Allahın Izniyle Şeytanı Yakalayıp Bağladım
Ali bin Hiti hastalanmıştı. Kendisini, başta Abdülkâdir-i Geylâni hazretleri olmak üzere, Bekâ bin Batû, Ebû Said Kaylevi, Ahmed Cûsuki Sarsari gibi büyükler ziyâret ettiler. Ali bin Hiti, hizmetinde bulunan Ebü'l-Hasan Cûsuki'ye sofrayı kurmasını emretti. Ebü'l-Hasan sofrayı kurdu. Ancak, ekmeği koymağa kimin önünden başlayacağında tereddüt etti. Bir mikdar düşündükten sonra, ekmeğin hepsini birden sofranın ortasına koydu. Abdülkâdir-i Geylâni hazretleri; "Ne güzel hizmetçin var? Sofrayı hemen hazırladı" buyurarak iltifât etti. Ali bin Hiti de; "Ben de, hizmetimde bulunan bu kimse de sizin emrinizdeyiz" diye karşılık verdi. Arkasından Ebü'l-Hasan'a dönüp; "Bundan sonra üstâdın Abdülkâdir-i Geylâni hazretleridir. Artık ona hizmet edeceksin!" deyince, Ebü'l-Hasan ağlamaya başladı. Bunun üzerine, Abdülkâdir-i Geylâni hazretleri; "Hasan, emdiği memeden başka meme emmek istemiyor, bırak üstâdından feyiz almaya devâm etsin" buyurdu...
Abdurrahmân bin Ebü'l-Hasan ve Ümran Büreydi Dârâni, Ebü'l-Hasan Cûsuki'yi ziyâret için yola çıktılar. Cûsuk'un karşısından Dicle'yi geçtiler. Yolun kenarında, görünüşü çirkin ve pis kokulu bir adamın zincirlerle bağlı olduğunu gördüler. Onlara; "Ne olur, Ebü'l-Hasan'a söyleyin de beni çözüversin. Beni bu hâle o koydu" diye yalvardı. Ebü'l-Hasan'ın huzûruna vardıklarında, durumu arz etmeye kalmadan kendisi söze başladı:
"Sizin yolda gördüğünüz şeytandı. Onu cezâlandırdım. Çünkü o, ikide bir gelip imân sâhiplerini saptırmak için çabalıyor, onlara vesvese veriyordu. Kaç defâ gelmemesi için tembih ettim. Sözünde durmadı. Gelip, dostlarımı rahatsız etti. Ben de Allahü teâlânın izniyle onu yakalayıp bağladım..."

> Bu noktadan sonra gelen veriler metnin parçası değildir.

(* Let $K$ be a field, $P$ an arbitrary poset, and let $P=\bigsqcup_{i\in I}P_i$ be the decomposition of $P$ into its connected components. For $\alpha\in FI(P)$ and $i\in I$ let $\alpha_i\in FI(P_i)$ be the restriction $\alpha_i(x,y)=\alpha(x,y)$ for $x\le y$ in $P_i$. Then $\alpha$ is superregular in $FI(P)$ if and only if for every $i\in I$, $\alpha_i$ is either $0$ or invertible in $FI(P_i)$. (Equivalently, identifying $FI(P)$ with $\prod_{i\in I}FI(P_i)$, the set of superregular elements equals $\prod_{i\in I}U(P_i)^0$, where $U(P_i)$ is the group of units of $FI(P_i)$ and $U(P_i)^0=U(P_i)\cup\{0\}$.)
   Context: $K$ is a field, $P$ an arbitrary poset. $I(P)$ is the set of functions $\alpha$ assigning to each pair $x\le y$ in $P$ a value $\alpha(x,y)\in K$. An element $\alpha\in I(P)$ is a finitary series if for all $x<y$ in $P$ there are only finitely many pairs $(u,v)$ with $x\le u<v\le y$ and $\alpha(u,v)\neq0$; $FI(P)$ is the set of finitary series. $FI(P)$ is an associative $K$-algebra under pointwise addition and convolution $(\alpha\beta)(x,y)=\sum_{x\le z\le y}\alpha(x,z)\beta(z,y)$. Connected components of $P$ are the classes of the equivalence relation generated by comparability. An element $\alpha$ of an algebra $A$ is superregular if it is regular (some $\chi\in A$ has $\alpha\chi\alpha=\alpha$) and there is exactly one $\alpha^*\in A$ satisfying $\alpha\alpha^*\alpha=\alpha$ and $\alpha^*\alpha\alpha^*=\alpha^*$. *)

theory Defs
  imports Main
begin

text \<open>A poset is represented by a carrier set P inside a type of class order
 (the order on P is the restriction of the type's order).\<close>

definition incidence :: "'a::order set \<Rightarrow> ('a \<Rightarrow> 'a \<Rightarrow> 'k::field) set" where
  "incidence P = {a. \<forall>x y. a x y \<noteq> 0 \<longrightarrow> x \<in> P \<and> y \<in> P \<and> x \<le> y}"

definition finitary :: "'a::order set \<Rightarrow> ('a \<Rightarrow> 'a \<Rightarrow> 'k::field) \<Rightarrow> bool" where
  "finitary P a \<longleftrightarrow> (\<forall>x\<in>P. \<forall>y\<in>P. x < y \<longrightarrow>
      finite {(u, v). u \<in> P \<and> v \<in> P \<and> x \<le> u \<and> u < v \<and> v \<le> y \<and> a u v \<noteq> 0})"

definition FI :: "'a::order set \<Rightarrow> ('a \<Rightarrow> 'a \<Rightarrow> 'k::field) set" where
  "FI P = {a \<in> incidence P. finitary P a}"

text \<open>Convolution.  The sum ranges over the z with a(x,z) nonzero, which is finite
 whenever a is finitary; all other terms vanish.\<close>
definition conv :: "'a::order set \<Rightarrow> ('a \<Rightarrow> 'a \<Rightarrow> 'k::field) \<Rightarrow> ('a \<Rightarrow> 'a \<Rightarrow> 'k) \<Rightarrow> ('a \<Rightarrow> 'a \<Rightarrow> 'k)" where
  "conv P a b = (\<lambda>x y. if x \<in> P \<and> y \<in> P \<and> x \<le> y
      then (\<Sum>z\<in>{z \<in> P. x \<le> z \<and> z \<le> y \<and> a x z \<noteq> 0}. a x z * b z y) else 0)"

definition one_FI :: "'a::order set \<Rightarrow> ('a \<Rightarrow> 'a \<Rightarrow> 'k::field)" where
  "one_FI P = (\<lambda>x y. if x \<in> P \<and> x = y then 1 else 0)"

definition regular_in :: "'b set \<Rightarrow> ('b \<Rightarrow> 'b \<Rightarrow> 'b) \<Rightarrow> 'b \<Rightarrow> bool" where
  "regular_in A mult a \<longleftrightarrow> (\<exists>c\<in>A. mult (mult a c) a = a)"

definition superregular_in :: "'b set \<Rightarrow> ('b \<Rightarrow> 'b \<Rightarrow> 'b) \<Rightarrow> 'b \<Rightarrow> bool" where
  "superregular_in A mult a \<longleftrightarrow> a \<in> A \<and> regular_in A mult a \<and>
     (\<exists>!b. b \<in> A \<and> mult (mult a b) a = a \<and> mult (mult b a) b = b)"

definition invertible_in :: "'b set \<Rightarrow> ('b \<Rightarrow> 'b \<Rightarrow> 'b) \<Rightarrow> 'b \<Rightarrow> 'b \<Rightarrow> bool" where
  "invertible_in A mult one a \<longleftrightarrow> a \<in> A \<and> (\<exists>b\<in>A. mult a b = one \<and> mult b a = one)"

definition comp_rel :: "'a::order set \<Rightarrow> ('a \<times> 'a) set" where
  "comp_rel P = {(x, y). x \<in> P \<and> y \<in> P \<and> (x \<le> y \<or> y \<le> x)}"

definition components :: "'a::order set \<Rightarrow> 'a set set" where
  "components P = (\<lambda>x. (comp_rel P)\<^sup>* `` {x}) ` P"

definition restrict_to :: "'a set \<Rightarrow> ('a \<Rightarrow> 'a \<Rightarrow> 'k::zero) \<Rightarrow> ('a \<Rightarrow> 'a \<Rightarrow> 'k)" where
  "restrict_to C a = (\<lambda>x y. if x \<in> C \<and> y \<in> C then a x y else 0)"

end

theory Submission
  imports Defs "HOL-Algebra.Ring"
begin

text \<open>
  An element has a unique reflexive generalized
  inverse (a b a = a, b a b = b) iff it is superregular.  In any ring, units and zero have
  unique reflexive inverses, and a unique reflexive inverse b of a satisfies the absorption
  identities x ab = ba x ab and ba x = ba x ab for all x.

  Restriction to the connected components identifies FI(P) with the product of the FI(C),
  so superregularity can be decided componentwise.  On a connected poset, testing the
  absorption identities against the matrix units E(p, q) shows that the diagonal of ab is
  a constant idempotent scalar: if it is 0 then a = 0, if it is 1 then ab = ba = 1.
  Together these give the theorem: a is superregular iff each component of a is zero or
  invertible.
\<close>

lemma incidence_supportD:
  "a \<in> incidence Q \<Longrightarrow> a x y \<noteq> 0 \<Longrightarrow> x \<in> Q \<and> y \<in> Q \<and> x \<le> y"
  by (auto simp: incidence_def)

lemma FI_supportD: "a \<in> FI Q \<Longrightarrow> a x y \<noteq> 0 \<Longrightarrow> x \<in> Q \<and> y \<in> Q \<and> x \<le> y"
  by (auto simp: FI_def incidence_def)

lemma FI_incidence: "a \<in> FI Q \<Longrightarrow> a \<in> incidence Q"
  by (simp add: FI_def)

definition strict_support :: "'a::order set \<Rightarrow> ('a \<Rightarrow> 'a \<Rightarrow> 'k::field) \<Rightarrow> 'a \<Rightarrow> 'a \<Rightarrow> ('a \<times> 'a) set" where
  "strict_support Q a x y = {(u, v). u \<in> Q \<and> v \<in> Q \<and> x \<le> u \<and> u < v \<and> v \<le> y \<and> a u v \<noteq> 0}"

lemma finite_strict_support:
  assumes "a \<in> FI Q" "x \<in> Q" "y \<in> Q"
  shows "finite (strict_support Q a x y)"
proof (cases "x < y")
  case True
  then show ?thesis using assms unfolding FI_def finitary_def strict_support_def by auto
next
  case False
  then have "strict_support Q a x y = {}"
    unfolding strict_support_def by (auto dest: le_less_trans less_le_trans)
  then show ?thesis by simp
qed

definition window :: "'a::order set \<Rightarrow> ('a \<Rightarrow> 'a \<Rightarrow> 'k::field) \<Rightarrow> 'a \<Rightarrow> 'a \<Rightarrow> 'a set" where
  "window Q a x y = {x, y} \<union> fst ` strict_support Q a x y \<union> snd ` strict_support Q a x y"

lemma finite_window: "a \<in> FI Q \<Longrightarrow> x \<in> Q \<Longrightarrow> y \<in> Q \<Longrightarrow> finite (window Q a x y)"
  unfolding window_def using finite_strict_support by blast

lemma window_mem:
  assumes "a \<in> incidence Q" "a u v \<noteq> 0" "u \<noteq> v" "x \<le> u" "v \<le> y"
  shows "u \<in> window Q a x y" "v \<in> window Q a x y"
proof -
  have "(u, v) \<in> strict_support Q a x y"
    using assms incidence_supportD[OF assms(1,2)] by (auto simp: strict_support_def)
  then show "u \<in> window Q a x y" "v \<in> window Q a x y"
    unfolding window_def by force+
qed

lemma window_subset:
  "x \<in> Q \<Longrightarrow> y \<in> Q \<Longrightarrow> x \<le> y \<Longrightarrow> window Q a x y \<subseteq> {z \<in> Q. x \<le> z \<and> z \<le> y}"
  by (auto simp: window_def strict_support_def intro: order_trans less_imp_le)

lemma finite_row_support:
  assumes "a \<in> FI Q" "x \<in> Q" "y \<in> Q"
  shows "finite {z \<in> Q. x \<le> z \<and> z \<le> y \<and> a x z \<noteq> 0}"
proof (rule finite_subset[OF _ finite_window[OF assms]])
  show "{z \<in> Q. x \<le> z \<and> z \<le> y \<and> a x z \<noteq> 0} \<subseteq> window Q a x y"
  proof
    fix z assume z: "z \<in> {z \<in> Q. x \<le> z \<and> z \<le> y \<and> a x z \<noteq> 0}"
    show "z \<in> window Q a x y"
    proof (cases "z = x")
      case False
      then show ?thesis using z window_mem(2)[OF FI_incidence[OF assms(1)], of x z x y] by auto
    qed (simp add: window_def)
  qed
qed

lemma conv_outside: "\<not> (x \<in> Q \<and> y \<in> Q \<and> x \<le> y) \<Longrightarrow> conv Q a b x y = 0"
  unfolding conv_def by (simp only: if_False)

lemma conv_supportD: "conv Q a b x y \<noteq> 0 \<Longrightarrow> x \<in> Q \<and> y \<in> Q \<and> x \<le> y"
  using conv_outside by blast

lemma conv_sum:
  assumes a: "a \<in> FI Q" and b: "b \<in> incidence Q" and F: "finite F"
    and sub: "\<And>z. a x z \<noteq> 0 \<Longrightarrow> b z y \<noteq> 0 \<Longrightarrow> z \<in> F"
  shows "conv Q a b x y = (\<Sum>z\<in>F. a x z * b z y)"
proof (cases "x \<in> Q \<and> y \<in> Q \<and> x \<le> y")
  case True
  let ?S = "{z \<in> Q. x \<le> z \<and> z \<le> y \<and> a x z \<noteq> 0}"
  have "conv Q a b x y = (\<Sum>z\<in>?S. a x z * b z y)" using True by (simp add: conv_def)
  also have "\<dots> = (\<Sum>z\<in>F. a x z * b z y)"
  proof (rule sum.mono_neutral_cong[OF F finite_row_support[OF a]])
    fix z assume "z \<in> F - ?S"
    then show "a x z * b z y = 0"
      using incidence_supportD[OF FI_incidence[OF a], of x z] incidence_supportD[OF b, of z y] by auto
  next
    fix z assume "z \<in> ?S - F"
    then show "a x z * b z y = 0" using sub by auto
  qed (use True in auto)
  finally show ?thesis .
next
  case False
  have zero: "a x z * b z y = 0" for z
    using False incidence_supportD[OF FI_incidence[OF a], of x z] incidence_supportD[OF b, of z y]
    by (auto intro: order_trans)
  show ?thesis unfolding conv_outside[OF False] zero sum.neutral_const ..
qed

text \<open>A nonzero entry (u, v), u < v, of a product inside [x, y] comes from a nonzero
  entry a(u, z) b(z, v); one of the two is off-diagonal, so both u and v lie in the
  windows of the factors.\<close>
lemma conv_support_window:
  assumes a: "a \<in> FI Q" and b: "b \<in> FI Q"
    and uv: "x \<le> u" "u < v" "v \<le> y" "conv Q a b u v \<noteq> 0"
  shows "u \<in> window Q a x y \<union> window Q b x y" and "v \<in> window Q a x y \<union> window Q b x y"
proof -
  from uv(4) have "(\<Sum>z\<in>{z \<in> Q. u \<le> z \<and> z \<le> v \<and> a u z \<noteq> 0}. a u z * b z v) \<noteq> 0"
    by (simp add: conv_def split: if_splits)
  then obtain z where az: "a u z \<noteq> 0" and bz: "b z v \<noteq> 0"
    by (metis (no_types, lifting) mult_not_zero sum.neutral)
  have "u \<le> z" "z \<le> v" using FI_supportD[OF a az] FI_supportD[OF b bz] by blast+
  note wa = window_mem[OF FI_incidence[OF a]] and wb = window_mem[OF FI_incidence[OF b]]
  show "u \<in> window Q a x y \<union> window Q b x y"
  proof (cases "u = z")
    case True
    then show ?thesis using wb(1)[OF bz _ _ uv(3)] uv(1,2) by auto
  next
    case False
    then show ?thesis using wa(1)[OF az _ uv(1)] \<open>z \<le> v\<close> uv(3) by (auto intro: order_trans)
  qed
  show "v \<in> window Q a x y \<union> window Q b x y"
  proof (cases "z = v")
    case True
    then show ?thesis using wa(2)[OF az _ uv(1)] uv(2,3) by auto
  next
    case False
    then show ?thesis using wb(2)[OF bz _ _ uv(3)] uv(1) \<open>u \<le> z\<close> by (auto intro: order_trans)
  qed
qed

lemma conv_FI:
  assumes a: "a \<in> FI Q" and b: "b \<in> FI Q"
  shows "conv Q a b \<in> FI Q"
proof -
  have "finite {(u, v). u \<in> Q \<and> v \<in> Q \<and> x \<le> u \<and> u < v \<and> v \<le> y \<and> conv Q a b u v \<noteq> 0}"
    if xy: "x \<in> Q" "y \<in> Q" for x y
  proof (rule finite_subset)
    let ?T = "window Q a x y \<union> window Q b x y"
    show "{(u, v). u \<in> Q \<and> v \<in> Q \<and> x \<le> u \<and> u < v \<and> v \<le> y \<and> conv Q a b u v \<noteq> 0} \<subseteq> ?T \<times> ?T"
      using conv_support_window[OF a b] by blast
    show "finite (?T \<times> ?T)" using finite_window a b xy by blast
  qed
  moreover have "conv Q a b \<in> incidence Q"
    unfolding incidence_def using conv_supportD by blast
  ultimately show ?thesis by (simp add: FI_def finitary_def)
qed

text \<open>Associativity: all sums involved can be taken over one finite set, the union of the
  windows of the three factors on [x, y], which is closed under the relevant steps.\<close>
lemma conv_assoc:
  assumes a: "a \<in> FI Q" and b: "b \<in> FI Q" and c: "c \<in> FI Q"
  shows "conv Q a (conv Q b c) = conv Q (conv Q a b) c"
proof (intro ext)
  fix x y
  show "conv Q a (conv Q b c) x y = conv Q (conv Q a b) c x y"
  proof (cases "x \<in> Q \<and> y \<in> Q \<and> x \<le> y")
    case False
    then show ?thesis by (simp only: conv_outside[OF False])
  next
    case True
    define T where "T = window Q a x y \<union> window Q b x y \<union> window Q c x y"
    have fin: "finite T" unfolding T_def using finite_window a b c True by blast
    have ends: "x \<in> T" "y \<in> T" by (auto simp: T_def window_def)
    have interval: "x \<le> z \<and> z \<le> y" if "z \<in> T" for z
      using that window_subset[of x Q y] True unfolding T_def by blast
    have factors: "h \<in> incidence Q" "window Q h x y \<subseteq> T" if "h \<in> {a, b, c}" for h
      using that FI_incidence a b c unfolding T_def by auto
    have right: "z \<in> T" if "u \<in> T" "h \<in> {a, b, c}" "h u z \<noteq> 0" "z \<le> y" for u h z
      using that window_mem(2)[OF factors(1), of h u z x y] factors(2) interval[of u] by blast
    have left: "z \<in> T" if "v \<in> T" "h \<in> {a, b, c}" "h z v \<noteq> 0" "x \<le> z" for v h z
      using that window_mem(1)[OF factors(1), of h z v x y] factors(2) interval[of v] by blast
    have bc: "conv Q b c z y = (\<Sum>w\<in>T. b z w * c w y)" if "z \<in> T" for z
      using that FI_supportD[OF c] by (intro conv_sum[OF b FI_incidence[OF c] fin]) (auto intro: right)
    have ab: "conv Q a b x w = (\<Sum>z\<in>T. a x z * b z w)" if "w \<in> T" for w
    proof (rule conv_sum[OF a FI_incidence[OF b] fin])
      fix z assume "a x z \<noteq> 0" "b z w \<noteq> 0"
      moreover have "z \<le> y" using FI_supportD[OF b \<open>b z w \<noteq> 0\<close>] interval[OF that] by auto
      ultimately show "z \<in> T" using right[OF ends(1), of a] by blast
    qed
    have "conv Q a (conv Q b c) x y = (\<Sum>z\<in>T. a x z * conv Q b c z y)"
      by (rule conv_sum[OF a FI_incidence[OF conv_FI[OF b c]] fin])
        (use right[OF ends(1), of a] conv_supportD in blast)
    also have "\<dots> = (\<Sum>z\<in>T. \<Sum>w\<in>T. a x z * b z w * c w y)"
      by (simp add: bc sum_distrib_left mult.assoc)
    also have "\<dots> = (\<Sum>w\<in>T. \<Sum>z\<in>T. a x z * b z w * c w y)"
      by (rule sum.swap)
    also have "\<dots> = (\<Sum>w\<in>T. conv Q a b x w * c w y)"
      by (simp add: ab sum_distrib_right)
    also have "\<dots> = conv Q (conv Q a b) c x y"
      by (rule conv_sum[OF conv_FI[OF a b] FI_incidence[OF c] fin, symmetric])
        (use left[OF ends(2), of c] conv_supportD in blast)
    finally show ?thesis .
  qed
qed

Ebü'l-Hasan Cûsuki hazretleri buyurdu ki: "Âlimlerin bozulmasının alâmeti ikidir: Biri, bildiklerini yapmazlar, bilmedikleriyle amel ederler. İkincisi, yapmamaları emredilen şeyleri yaparlar."
"Faydasız söz söylemek ve herkesle haşır neşir olmak, Allahtan yüz çevirmenin alâmetidir."
"Bir kimsenin Cehennemlik olduğu, üç şeyde açıkça görülür: Kendisine ilim verilir, amelden mahrûm edilir. Amel verilir, ihlâstan mahrum edilir. Allah adamlarının sohbetleri ile şereflenir, onlara hürmet etmez."